◆ **WHAT NEEDS TO BE DONE**: In the entries below, find every line with "hence" and copy it.

◆ **INFORMATION GIVEN**:
——

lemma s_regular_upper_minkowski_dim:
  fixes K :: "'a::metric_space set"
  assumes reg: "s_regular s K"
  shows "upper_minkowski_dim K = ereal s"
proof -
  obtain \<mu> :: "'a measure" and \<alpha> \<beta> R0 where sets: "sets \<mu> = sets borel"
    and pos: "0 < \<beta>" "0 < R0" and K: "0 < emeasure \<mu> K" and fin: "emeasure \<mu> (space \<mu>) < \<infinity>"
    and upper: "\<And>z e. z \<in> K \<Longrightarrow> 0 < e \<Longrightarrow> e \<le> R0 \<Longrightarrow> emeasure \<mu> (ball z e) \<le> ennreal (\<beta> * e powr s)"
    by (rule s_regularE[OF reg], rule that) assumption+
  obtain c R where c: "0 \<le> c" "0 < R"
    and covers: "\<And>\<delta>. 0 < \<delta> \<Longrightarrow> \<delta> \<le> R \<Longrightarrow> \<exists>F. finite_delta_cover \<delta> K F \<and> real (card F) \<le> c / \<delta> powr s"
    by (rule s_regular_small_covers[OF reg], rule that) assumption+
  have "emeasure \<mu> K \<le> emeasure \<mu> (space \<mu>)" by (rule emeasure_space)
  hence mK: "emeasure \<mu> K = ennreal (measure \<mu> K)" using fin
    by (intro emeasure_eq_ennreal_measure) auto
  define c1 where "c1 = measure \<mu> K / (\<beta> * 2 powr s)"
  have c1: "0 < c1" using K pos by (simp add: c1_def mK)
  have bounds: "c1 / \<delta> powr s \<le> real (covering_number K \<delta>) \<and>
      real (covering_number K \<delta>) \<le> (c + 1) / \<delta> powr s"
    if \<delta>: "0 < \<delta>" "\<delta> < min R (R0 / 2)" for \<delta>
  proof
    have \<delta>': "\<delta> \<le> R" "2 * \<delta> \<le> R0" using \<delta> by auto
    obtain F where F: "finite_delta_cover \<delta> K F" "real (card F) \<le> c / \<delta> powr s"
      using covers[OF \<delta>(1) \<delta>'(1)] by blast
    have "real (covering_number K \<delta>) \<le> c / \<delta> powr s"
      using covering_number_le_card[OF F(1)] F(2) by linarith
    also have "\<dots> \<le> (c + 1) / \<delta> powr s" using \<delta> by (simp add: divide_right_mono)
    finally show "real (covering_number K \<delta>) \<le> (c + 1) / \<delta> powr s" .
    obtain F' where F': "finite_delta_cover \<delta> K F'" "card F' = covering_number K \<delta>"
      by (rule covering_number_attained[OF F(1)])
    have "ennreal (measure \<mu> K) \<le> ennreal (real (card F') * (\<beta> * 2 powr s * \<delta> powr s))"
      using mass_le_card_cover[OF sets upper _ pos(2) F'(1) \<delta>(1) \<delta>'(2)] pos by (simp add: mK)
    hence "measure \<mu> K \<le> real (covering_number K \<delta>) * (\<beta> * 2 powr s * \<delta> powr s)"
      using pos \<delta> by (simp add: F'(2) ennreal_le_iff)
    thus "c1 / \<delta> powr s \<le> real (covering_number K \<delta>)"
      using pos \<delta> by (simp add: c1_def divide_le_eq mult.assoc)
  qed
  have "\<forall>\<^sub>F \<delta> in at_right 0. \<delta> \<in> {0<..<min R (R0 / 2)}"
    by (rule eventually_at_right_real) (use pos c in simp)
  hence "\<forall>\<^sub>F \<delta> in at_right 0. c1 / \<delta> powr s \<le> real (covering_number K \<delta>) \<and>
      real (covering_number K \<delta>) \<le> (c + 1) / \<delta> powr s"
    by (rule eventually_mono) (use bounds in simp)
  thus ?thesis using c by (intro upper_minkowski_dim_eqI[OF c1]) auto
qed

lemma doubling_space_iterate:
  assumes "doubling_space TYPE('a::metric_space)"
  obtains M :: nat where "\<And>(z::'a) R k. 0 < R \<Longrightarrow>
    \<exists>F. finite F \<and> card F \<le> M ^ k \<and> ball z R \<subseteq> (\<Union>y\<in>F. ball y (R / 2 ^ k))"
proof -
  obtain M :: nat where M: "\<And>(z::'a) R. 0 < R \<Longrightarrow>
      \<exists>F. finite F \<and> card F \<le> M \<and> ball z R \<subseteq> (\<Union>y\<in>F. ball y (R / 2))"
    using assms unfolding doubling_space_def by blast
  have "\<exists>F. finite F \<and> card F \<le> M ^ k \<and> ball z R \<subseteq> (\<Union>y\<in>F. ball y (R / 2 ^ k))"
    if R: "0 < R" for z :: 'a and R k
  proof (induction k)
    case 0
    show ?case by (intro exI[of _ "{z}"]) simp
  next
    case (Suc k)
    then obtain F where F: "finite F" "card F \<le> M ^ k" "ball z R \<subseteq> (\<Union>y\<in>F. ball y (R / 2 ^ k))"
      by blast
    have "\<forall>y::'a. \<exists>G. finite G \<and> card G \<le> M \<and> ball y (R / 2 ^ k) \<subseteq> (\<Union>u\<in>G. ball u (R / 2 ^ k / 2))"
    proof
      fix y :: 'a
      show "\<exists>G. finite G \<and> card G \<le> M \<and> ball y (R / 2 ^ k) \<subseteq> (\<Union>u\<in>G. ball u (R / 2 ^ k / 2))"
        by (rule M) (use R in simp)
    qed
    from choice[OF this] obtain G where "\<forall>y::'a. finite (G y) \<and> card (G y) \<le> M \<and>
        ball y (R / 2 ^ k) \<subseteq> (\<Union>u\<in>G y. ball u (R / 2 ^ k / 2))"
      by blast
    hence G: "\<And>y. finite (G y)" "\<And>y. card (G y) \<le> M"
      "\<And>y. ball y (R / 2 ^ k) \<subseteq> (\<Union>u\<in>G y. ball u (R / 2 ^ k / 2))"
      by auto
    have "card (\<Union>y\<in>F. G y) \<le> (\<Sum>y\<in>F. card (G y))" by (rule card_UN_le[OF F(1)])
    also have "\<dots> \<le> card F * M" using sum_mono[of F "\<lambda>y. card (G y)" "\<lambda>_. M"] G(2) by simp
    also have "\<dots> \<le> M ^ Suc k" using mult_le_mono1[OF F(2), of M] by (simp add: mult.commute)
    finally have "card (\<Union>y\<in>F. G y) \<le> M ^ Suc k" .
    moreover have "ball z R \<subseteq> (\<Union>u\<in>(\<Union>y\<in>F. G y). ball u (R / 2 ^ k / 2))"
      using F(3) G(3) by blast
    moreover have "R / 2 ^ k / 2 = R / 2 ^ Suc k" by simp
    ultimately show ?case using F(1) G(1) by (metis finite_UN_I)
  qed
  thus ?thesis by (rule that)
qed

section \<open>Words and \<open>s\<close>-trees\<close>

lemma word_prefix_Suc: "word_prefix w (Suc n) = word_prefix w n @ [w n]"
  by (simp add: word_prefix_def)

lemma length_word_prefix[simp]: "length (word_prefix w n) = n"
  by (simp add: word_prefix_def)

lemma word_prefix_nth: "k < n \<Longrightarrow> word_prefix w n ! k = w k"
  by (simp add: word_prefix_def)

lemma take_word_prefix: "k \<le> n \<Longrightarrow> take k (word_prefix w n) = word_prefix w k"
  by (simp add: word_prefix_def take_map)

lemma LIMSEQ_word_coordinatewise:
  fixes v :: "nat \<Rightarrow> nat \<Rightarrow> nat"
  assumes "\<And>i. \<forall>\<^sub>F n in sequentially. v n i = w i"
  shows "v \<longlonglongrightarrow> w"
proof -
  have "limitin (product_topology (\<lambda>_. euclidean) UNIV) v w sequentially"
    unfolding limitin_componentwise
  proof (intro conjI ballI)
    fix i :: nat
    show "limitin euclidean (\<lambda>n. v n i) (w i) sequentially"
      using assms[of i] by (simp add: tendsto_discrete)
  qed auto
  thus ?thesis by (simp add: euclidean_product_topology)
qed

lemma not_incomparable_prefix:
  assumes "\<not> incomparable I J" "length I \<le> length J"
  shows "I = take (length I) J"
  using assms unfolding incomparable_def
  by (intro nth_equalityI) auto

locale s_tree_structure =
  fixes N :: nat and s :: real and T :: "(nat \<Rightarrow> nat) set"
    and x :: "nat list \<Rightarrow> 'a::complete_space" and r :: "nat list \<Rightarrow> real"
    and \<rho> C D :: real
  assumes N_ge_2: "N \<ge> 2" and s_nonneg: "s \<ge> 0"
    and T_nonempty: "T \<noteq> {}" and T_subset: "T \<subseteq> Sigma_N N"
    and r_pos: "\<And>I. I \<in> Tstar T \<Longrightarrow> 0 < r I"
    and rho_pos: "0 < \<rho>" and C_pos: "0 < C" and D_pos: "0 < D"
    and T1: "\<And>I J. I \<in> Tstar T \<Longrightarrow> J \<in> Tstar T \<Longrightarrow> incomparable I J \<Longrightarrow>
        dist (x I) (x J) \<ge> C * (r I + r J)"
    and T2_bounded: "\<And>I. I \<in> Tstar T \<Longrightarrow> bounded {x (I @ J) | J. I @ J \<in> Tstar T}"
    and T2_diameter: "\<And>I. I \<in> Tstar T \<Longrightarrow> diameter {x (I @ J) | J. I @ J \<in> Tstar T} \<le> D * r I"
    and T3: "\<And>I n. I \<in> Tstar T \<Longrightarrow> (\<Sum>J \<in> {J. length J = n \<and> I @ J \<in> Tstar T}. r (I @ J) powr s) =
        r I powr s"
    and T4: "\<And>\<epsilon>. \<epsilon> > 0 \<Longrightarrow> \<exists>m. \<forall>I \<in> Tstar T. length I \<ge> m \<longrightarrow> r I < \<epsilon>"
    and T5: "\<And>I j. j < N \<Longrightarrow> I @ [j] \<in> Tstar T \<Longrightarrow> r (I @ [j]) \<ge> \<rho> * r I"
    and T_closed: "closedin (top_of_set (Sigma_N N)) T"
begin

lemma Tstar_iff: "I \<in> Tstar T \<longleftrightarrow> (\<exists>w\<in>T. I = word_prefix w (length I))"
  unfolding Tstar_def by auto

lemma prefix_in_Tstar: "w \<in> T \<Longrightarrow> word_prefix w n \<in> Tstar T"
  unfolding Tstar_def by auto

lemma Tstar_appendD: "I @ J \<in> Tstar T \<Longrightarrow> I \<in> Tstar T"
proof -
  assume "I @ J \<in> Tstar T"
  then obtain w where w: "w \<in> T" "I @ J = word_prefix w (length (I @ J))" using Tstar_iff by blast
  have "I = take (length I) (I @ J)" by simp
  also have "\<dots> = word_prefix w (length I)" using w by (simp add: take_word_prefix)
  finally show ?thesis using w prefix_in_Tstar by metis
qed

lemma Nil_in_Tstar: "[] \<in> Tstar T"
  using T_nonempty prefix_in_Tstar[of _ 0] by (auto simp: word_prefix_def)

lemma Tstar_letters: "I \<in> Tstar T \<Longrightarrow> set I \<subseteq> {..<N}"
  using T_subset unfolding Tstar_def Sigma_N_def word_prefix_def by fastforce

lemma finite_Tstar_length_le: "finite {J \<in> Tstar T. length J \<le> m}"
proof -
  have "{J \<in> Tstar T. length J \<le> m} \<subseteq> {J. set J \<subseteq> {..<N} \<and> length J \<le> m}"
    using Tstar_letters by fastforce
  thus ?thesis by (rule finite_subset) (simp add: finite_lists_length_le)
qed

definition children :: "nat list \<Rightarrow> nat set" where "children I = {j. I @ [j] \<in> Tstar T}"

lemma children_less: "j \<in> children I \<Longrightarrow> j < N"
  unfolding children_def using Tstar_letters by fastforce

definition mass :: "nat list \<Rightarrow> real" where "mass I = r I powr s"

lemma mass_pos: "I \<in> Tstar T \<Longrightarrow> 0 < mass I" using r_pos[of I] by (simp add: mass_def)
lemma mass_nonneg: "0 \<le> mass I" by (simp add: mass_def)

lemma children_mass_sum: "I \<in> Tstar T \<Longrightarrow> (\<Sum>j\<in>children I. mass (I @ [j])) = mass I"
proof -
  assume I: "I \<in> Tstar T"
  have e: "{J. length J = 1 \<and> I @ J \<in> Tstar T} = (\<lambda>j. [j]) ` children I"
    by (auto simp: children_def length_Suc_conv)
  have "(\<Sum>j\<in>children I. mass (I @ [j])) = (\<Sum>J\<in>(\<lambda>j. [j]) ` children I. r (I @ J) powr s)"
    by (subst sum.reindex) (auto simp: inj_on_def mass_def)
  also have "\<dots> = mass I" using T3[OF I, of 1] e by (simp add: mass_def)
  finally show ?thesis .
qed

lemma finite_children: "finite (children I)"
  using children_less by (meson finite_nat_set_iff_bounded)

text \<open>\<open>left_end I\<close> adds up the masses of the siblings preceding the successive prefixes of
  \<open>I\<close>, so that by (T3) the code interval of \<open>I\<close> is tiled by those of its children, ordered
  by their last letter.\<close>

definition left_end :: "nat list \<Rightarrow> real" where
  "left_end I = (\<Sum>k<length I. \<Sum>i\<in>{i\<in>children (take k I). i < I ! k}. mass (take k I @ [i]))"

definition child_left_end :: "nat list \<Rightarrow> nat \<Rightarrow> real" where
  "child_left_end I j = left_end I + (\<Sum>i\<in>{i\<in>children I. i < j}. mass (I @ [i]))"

——

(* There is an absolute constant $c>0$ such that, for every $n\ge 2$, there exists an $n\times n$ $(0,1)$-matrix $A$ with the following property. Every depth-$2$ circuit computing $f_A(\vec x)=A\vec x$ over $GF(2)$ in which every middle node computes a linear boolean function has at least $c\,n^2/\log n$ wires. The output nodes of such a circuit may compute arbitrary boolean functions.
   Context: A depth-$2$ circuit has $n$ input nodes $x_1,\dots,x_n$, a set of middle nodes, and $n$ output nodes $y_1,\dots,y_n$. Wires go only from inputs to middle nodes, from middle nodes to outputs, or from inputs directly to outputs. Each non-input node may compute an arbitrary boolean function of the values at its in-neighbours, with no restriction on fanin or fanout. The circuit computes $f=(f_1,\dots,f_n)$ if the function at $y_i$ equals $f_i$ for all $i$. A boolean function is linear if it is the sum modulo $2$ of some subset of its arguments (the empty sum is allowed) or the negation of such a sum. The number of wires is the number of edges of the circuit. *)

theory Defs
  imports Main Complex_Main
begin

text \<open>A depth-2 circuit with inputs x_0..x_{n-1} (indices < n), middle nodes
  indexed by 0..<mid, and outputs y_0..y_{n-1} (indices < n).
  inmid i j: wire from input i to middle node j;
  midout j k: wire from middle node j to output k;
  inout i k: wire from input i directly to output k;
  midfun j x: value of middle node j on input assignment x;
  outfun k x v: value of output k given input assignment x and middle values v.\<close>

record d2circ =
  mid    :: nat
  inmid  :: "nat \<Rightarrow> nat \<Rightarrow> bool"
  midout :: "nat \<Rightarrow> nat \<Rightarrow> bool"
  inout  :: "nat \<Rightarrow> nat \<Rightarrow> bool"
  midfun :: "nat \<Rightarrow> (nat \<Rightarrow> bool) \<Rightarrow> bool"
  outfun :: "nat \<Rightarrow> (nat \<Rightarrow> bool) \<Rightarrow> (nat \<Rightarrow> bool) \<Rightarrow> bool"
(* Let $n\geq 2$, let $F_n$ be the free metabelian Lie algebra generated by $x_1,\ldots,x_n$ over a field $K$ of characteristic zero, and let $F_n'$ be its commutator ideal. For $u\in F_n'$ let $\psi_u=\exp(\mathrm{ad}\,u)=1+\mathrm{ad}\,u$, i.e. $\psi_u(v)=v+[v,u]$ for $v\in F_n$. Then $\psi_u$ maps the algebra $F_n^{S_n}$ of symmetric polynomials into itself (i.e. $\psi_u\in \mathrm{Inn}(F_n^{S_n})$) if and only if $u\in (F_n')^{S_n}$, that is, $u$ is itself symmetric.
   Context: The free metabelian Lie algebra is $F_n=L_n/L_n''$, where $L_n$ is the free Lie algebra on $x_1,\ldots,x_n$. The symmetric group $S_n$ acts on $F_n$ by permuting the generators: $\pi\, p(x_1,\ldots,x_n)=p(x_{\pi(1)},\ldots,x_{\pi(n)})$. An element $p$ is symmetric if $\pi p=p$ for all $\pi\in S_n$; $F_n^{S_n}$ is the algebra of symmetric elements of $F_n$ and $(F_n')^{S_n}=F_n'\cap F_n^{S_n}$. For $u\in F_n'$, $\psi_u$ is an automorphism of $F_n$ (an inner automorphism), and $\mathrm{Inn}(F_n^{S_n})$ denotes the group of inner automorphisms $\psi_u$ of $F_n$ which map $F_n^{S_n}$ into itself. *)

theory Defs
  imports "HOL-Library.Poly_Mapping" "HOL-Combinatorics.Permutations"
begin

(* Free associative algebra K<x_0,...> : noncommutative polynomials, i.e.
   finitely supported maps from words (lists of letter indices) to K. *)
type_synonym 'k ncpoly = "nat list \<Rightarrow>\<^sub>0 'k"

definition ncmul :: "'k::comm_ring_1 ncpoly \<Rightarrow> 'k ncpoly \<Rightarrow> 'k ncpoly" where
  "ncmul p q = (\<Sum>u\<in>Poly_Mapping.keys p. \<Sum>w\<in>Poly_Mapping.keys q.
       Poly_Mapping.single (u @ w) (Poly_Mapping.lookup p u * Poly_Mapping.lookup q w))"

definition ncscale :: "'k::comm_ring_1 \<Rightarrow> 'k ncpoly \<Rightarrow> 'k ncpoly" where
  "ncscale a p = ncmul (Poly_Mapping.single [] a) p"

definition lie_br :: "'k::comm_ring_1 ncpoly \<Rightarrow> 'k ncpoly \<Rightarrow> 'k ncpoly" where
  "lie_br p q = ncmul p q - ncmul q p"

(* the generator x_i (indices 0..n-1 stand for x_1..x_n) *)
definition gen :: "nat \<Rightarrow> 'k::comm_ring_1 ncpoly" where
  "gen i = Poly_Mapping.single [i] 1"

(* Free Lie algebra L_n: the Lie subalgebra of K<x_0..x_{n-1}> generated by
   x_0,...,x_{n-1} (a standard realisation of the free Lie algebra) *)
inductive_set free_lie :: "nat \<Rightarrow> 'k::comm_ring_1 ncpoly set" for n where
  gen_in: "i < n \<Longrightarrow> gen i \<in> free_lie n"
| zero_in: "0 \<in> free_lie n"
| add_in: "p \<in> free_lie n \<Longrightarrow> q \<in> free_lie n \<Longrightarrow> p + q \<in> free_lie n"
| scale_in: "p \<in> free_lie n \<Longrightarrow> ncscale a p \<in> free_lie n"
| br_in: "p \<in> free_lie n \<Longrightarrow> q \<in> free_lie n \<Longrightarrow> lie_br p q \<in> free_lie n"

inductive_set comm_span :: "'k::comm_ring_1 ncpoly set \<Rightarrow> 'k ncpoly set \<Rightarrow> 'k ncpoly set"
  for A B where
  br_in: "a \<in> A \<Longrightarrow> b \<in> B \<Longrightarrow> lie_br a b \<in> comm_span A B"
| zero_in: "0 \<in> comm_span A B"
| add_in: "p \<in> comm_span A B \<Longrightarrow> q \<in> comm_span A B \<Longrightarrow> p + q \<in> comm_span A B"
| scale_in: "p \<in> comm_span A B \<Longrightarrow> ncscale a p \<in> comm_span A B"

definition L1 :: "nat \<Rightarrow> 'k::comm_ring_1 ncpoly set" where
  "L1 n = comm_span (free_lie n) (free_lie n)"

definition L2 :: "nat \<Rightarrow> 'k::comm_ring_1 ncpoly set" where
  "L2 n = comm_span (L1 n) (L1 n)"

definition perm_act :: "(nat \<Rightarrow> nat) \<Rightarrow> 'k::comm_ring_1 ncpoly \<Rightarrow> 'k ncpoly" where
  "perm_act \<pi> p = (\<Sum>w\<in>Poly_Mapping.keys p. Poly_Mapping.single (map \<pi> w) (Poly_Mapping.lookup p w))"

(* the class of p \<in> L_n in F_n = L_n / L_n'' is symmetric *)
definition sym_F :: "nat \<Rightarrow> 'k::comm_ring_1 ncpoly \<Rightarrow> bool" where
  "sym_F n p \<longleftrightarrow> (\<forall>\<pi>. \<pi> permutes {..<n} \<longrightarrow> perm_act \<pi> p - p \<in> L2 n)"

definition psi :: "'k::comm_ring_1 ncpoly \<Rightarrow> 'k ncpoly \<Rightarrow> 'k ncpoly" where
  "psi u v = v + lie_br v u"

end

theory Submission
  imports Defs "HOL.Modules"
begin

——

◆ **REPLY**:
  hence mK: "emeasure \<mu> K = ennreal (measure \<mu> K)" using fin
    hence "measure \<mu> K \<le> real (covering_number K \<delta>) * (\<beta> * 2 powr s * \<delta> powr s)"
  hence "\<forall>\<^sub>F \<delta> in at_right 0. c1 / \<delta> powr s \<le> real (covering_number K \<delta>) \<and>
    hence G: "\<And>y. finite (G y)" "\<And>y. card (G y) \<le> M"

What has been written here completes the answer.